■ Problem details
From the listing below, copy every line with the word "rule".

══ Records to use ══

lemma sum_lessThan_mult_blocks:
  fixes n d :: nat
  shows "(\<Sum>K<n*d. f K :: 'a :: comm_monoid_add) = (\<Sum>k<n. \<Sum>l<d. f (k*d + l))"
proof -
  have "sum f {k*d..<k*d + d} = (\<Sum>l<d. f (k*d + l))" for k
  proof -
    have "{k*d..<k*d + d} = (\<lambda>l. k*d + l) ` {..<d}"
      by (simp add: lessThan_atLeast0 image_add_atLeastLessThan add.commute)
    then show ?thesis by (simp add: sum.reindex)
  qed
  then show ?thesis using sum.nat_group[of f d n] by simp
qed

definition toeplitz_conv :: "nat \<Rightarrow> (int \<Rightarrow> complex poly) \<Rightarrow> (int \<Rightarrow> complex poly) \<Rightarrow> nat \<Rightarrow> nat
    \<Rightarrow> complex poly" where
  "toeplitz_conv n F G i j = (\<Sum>k<n. F (int i - int k) * G (int k - int j))"

lemma index_mult_poly_toeplitz:
  assumes M: "M \<in> carrier_mat d d" and ij: "i < n" "j < n" and rc: "r < d" "c < d"
  shows "(poly_toeplitz n d M F * poly_toeplitz n d M G) $$ (i*d + r, j*d + c)
    = poly_mat (toeplitz_conv n F G i j) M $$ (r,c)"
proof -
  let ?A = "poly_toeplitz n d M F" and ?B = "poly_toeplitz n d M G"
  have "(?A * ?B) $$ (i*d + r, j*d + c) = (\<Sum>K<n*d. ?A $$ (i*d + r, K) * ?B $$ (K, j*d + c))"
    using block_index_less[OF ij(1) rc(1)] block_index_less[OF ij(2) rc(2)]
    by (simp add: scalar_prod_def atLeast0LessThan)
  also have "\<dots> = (\<Sum>k<n. \<Sum>l<d. ?A $$ (i*d + r, k*d + l) * ?B $$ (k*d + l, j*d + c))"
    by (rule sum_lessThan_mult_blocks)
  also have "\<dots> = (\<Sum>k<n. (poly_mat (F (int i - int k)) M * poly_mat (G (int k - int j)) M) $$ (r,c))"
    using ij rc M by (intro sum.cong refl) (simp add: index_poly_toeplitz scalar_prod_def atLeast0LessThan)
  also have "\<dots> = poly_mat (toeplitz_conv n F G i j) M $$ (r,c)"
    unfolding toeplitz_conv_def poly_mat_mult[OF M, symmetric] by (rule index_poly_mat_sum[symmetric, OF M rc])
  finally show ?thesis .
qed
lemma tendsto_prob_unpaired_sum:
  fixes k m :: "nat \<Rightarrow> nat" and e :: real
  defines "p \<equiv> \<lambda>n. min (k n) (m n)" and "v \<equiv> variance (pair_diff 0)"
  assumes p: "filterlim p at_top sequentially"
    and gap: "(\<lambda>n. (real (k n) - real (m n)) / sqrt (real (p n))) \<longlonglongrightarrow> c"
    and v: "0 < v" and e: "0 < e"
  shows "(\<lambda>n. prob {w\<in>space M. e \<le> \<bar>\<Sum>a\<in>read_labels (k n) (m n) - read_labels (p n) (p n). centred a w\<bar>
            / sqrt (real (p n) * v)}) \<longlonglongrightarrow> 0"
proof (rule tendsto_prob_centred_sum)
  note p_pos = eventually_pos_of_filterlim_at_top[OF p]
  show "eventually (\<lambda>n. 0 < sqrt (real (p n) * v)) sequentially"
    using p_pos by eventually_elim (simp add: v)
  have "(\<lambda>n. \<bar>real (k n) - real (m n)\<bar> / real (p n) / v) \<longlonglongrightarrow> 0"
    using tendsto_divide[OF tendsto_abs_gap_div_min[OF p[unfolded p_def] gap[unfolded p_def]] tendsto_const[of v]] v
    by (simp add: p_def)
  moreover have "eventually (\<lambda>n. \<bar>real (k n) - real (m n)\<bar> / real (p n) / v
      = card (read_labels (k n) (m n) - read_labels (p n) (p n)) / (sqrt (real (p n) * v))\<^sup>2) sequentially"
    using p_pos
  proof eventually_elim
    case (elim n)
    have "real (card (read_labels (k n) (m n) - read_labels (p n) (p n))) = \<bar>real (k n) - real (m n)\<bar>"
      using card_read_labels_diff[of "p n" "k n" "m n"] by (simp add: p_def of_nat_diff min_def abs_if)
    then show ?case
      using elim v by simp
  qed
  ultimately show "(\<lambda>n. card (read_labels (k n) (m n) - read_labels (p n) (p n)) / (sqrt (real (p n) * v))\<^sup>2)
      \<longlonglongrightarrow> 0"
    by (simp add: Lim_transform_eventually)
qed (use e in \<open>auto simp: read_labels_def\<close>)
definition orth_compl :: "qstate set \<Rightarrow> qstate set" where
  "orth_compl S = {x. \<forall>y\<in>S. cinner y x = 0}"

definition is_orth_projector :: "qstate set \<Rightarrow> qop \<Rightarrow> bool" where
  "is_orth_projector S P \<longleftrightarrow>
     (\<forall>x\<in>S. P *v x = x) \<and> (\<forall>x\<in>orth_compl S. P *v x = 0)"

end

theory Submission
  imports Defs
begin

text \<open>
  A separable projector is a nonnegative combination of product projectors
  \<open>|a\<^sub>k b\<^sub>k\<rangle>\<langle>a\<^sub>k b\<^sub>k|\<close>. The product vectors of positive weight lie in \<open>S\<close> and span it, so \<open>S\<close> is
  spanned by two of them, \<open>a\<otimes>b\<close> and \<open>c\<otimes>d\<close>. If \<open>a \<parallel> c\<close> (or \<open>b \<parallel> d\<close>), then \<open>S = a\<otimes>\<complex>\<^sup>2\<close>
  (or \<open>\<complex>\<^sup>2\<otimes>b\<close>), which has an obvious orthonormal product basis. Otherwise the only product vectors
  in \<open>S\<close> are multiples of \<open>a\<otimes>b\<close> and \<open>c\<otimes>d\<close>, so \<open>P\<close> is a combination of the two rank-one maps
  \<open>|a\<otimes>b\<rangle>\<langle>a\<otimes>b|\<close>, \<open>|c\<otimes>d\<rangle>\<langle>c\<otimes>d|\<close>, and \<open>P\<close> fixing both vectors forces them to be orthogonal.

  For the second part let \<open>M\<close>, \<open>N\<close> be the matrices of \<open>\<psi>\<close>, \<open>\<Phi>\<close>, and \<open>a'\<close> the entrywise conjugate of
  \<open>a\<close>. Orthogonality of the basis means \<open>\<langle>a,c\<rangle> = 0\<close> or \<open>\<langle>b,d\<rangle> = 0\<close>. In the first case
  \<open>\<langle>b, M a'\<rangle> = \<surd>2 \<langle>a\<otimes>b, \<psi>\<rangle>\<close> shows that \<open>M a'\<close> and \<open>N a'\<close> are both orthogonal to \<open>b\<close>, hence
  \<open>M a' = l N a'\<close>, and likewise \<open>M c' = m N c'\<close>; so \<open>l\<close>, \<open>m\<close> are eigenvalues of \<open>M N\<inverse>\<close> and
  \<open>det M = l m det N\<close>. Expanding the Hilbert-Schmidt form of the orthonormality of \<open>\<psi>\<close>, \<open>\<Phi>\<close> in the
  orthonormal basis \<open>a'\<close>, \<open>c'\<close> gives \<open>l \<parallel>N a'\<parallel>\<^sup>2 + m \<parallel>N c'\<parallel>\<^sup>2 = 0\<close> and
  \<open>|l|\<^sup>2 \<parallel>N a'\<parallel>\<^sup>2 + |m|\<^sup>2 \<parallel>N c'\<parallel>\<^sup>2 = \<parallel>N a'\<parallel>\<^sup>2 + \<parallel>N c'\<parallel>\<^sup>2\<close>, whence \<open>l\<close>, \<open>m\<close> are antiparallel and
  \<open>|l m| = 1\<close>. The case \<open>\<langle>b,d\<rangle> = 0\<close> is the same argument for the transposed matrices.
\<close>

lemma UNIV_2x2: "(UNIV::(2\<times>2) set) = {(1,1), (1,2), (2,1), (2,2)}"
  using exhaust_2 by auto

lemma sum_UNIV_2x2: "sum f (UNIV::(2\<times>2) set) = f (1,1) + f (1,2) + f (2,1) + f (2,2)"
  by (simp add: UNIV_2x2 add.assoc)

lemma vec_eq_iff_2: "(x::'a^2) = y \<longleftrightarrow> x$1 = y$1 \<and> x$2 = y$2"
  by (simp add: vec_eq_iff forall_2)

lemma vec_eq_iff_2x2:
  "(x::'a^(2\<times>2)) = y \<longleftrightarrow>
     x$(1,1) = y$(1,1) \<and> x$(1,2) = y$(1,2) \<and> x$(2,1) = y$(2,1) \<and> x$(2,2) = y$(2,2)"
  by (simp add: vec_eq_iff split_paired_All forall_2)

lemma cinner_2: "cinner (x::complex^2) y = cnj (x$1) * y$1 + cnj (x$2) * y$2"
  by (simp add: cinner_def sum_2)

lemma cinner_commute: "cinner y x = cnj (cinner x y)"
  by (simp add: cinner_def mult.commute)

lemma cinner_add_left: "cinner (x + y) z = cinner x z + cinner y z"
  by (simp add: cinner_def sum.distrib algebra_simps)

lemma cinner_scale_left: "cinner (c *s x) y = cnj c * cinner x y"
  by (simp add: cinner_def sum_distrib_left algebra_simps)

lemma cinner_scale_right: "cinner x (c *s y) = c * cinner x y"
  by (simp add: cinner_def sum_distrib_left algebra_simps)

lemma scaleR_eq_scale: "r *\<^sub>R (x::complex^'n) = complex_of_real r *s x"
  by (simp add: vec_eq_iff) (simp add: scaleR_conv_of_real)

lemma cinner_scaleR_right: "cinner x (r *\<^sub>R y) = complex_of_real r * cinner x y"
  by (simp add: scaleR_eq_scale cinner_scale_right)

lemma cinner_sum_right: "cinner z (\<Sum>k\<in>A. f k) = (\<Sum>k\<in>A. cinner z (f k))"
  unfolding cinner_def sum_component sum_distrib_left by (rule sum.swap)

═══

■ Task response
    by (rule sum_lessThan_mult_blocks)
    unfolding toeplitz_conv_def poly_mat_mult[OF M, symmetric] by (rule index_poly_mat_sum[symmetric, OF M rc])
proof (rule tendsto_prob_centred_sum)
  unfolding cinner_def sum_component sum_distrib_left by (rule sum.swap)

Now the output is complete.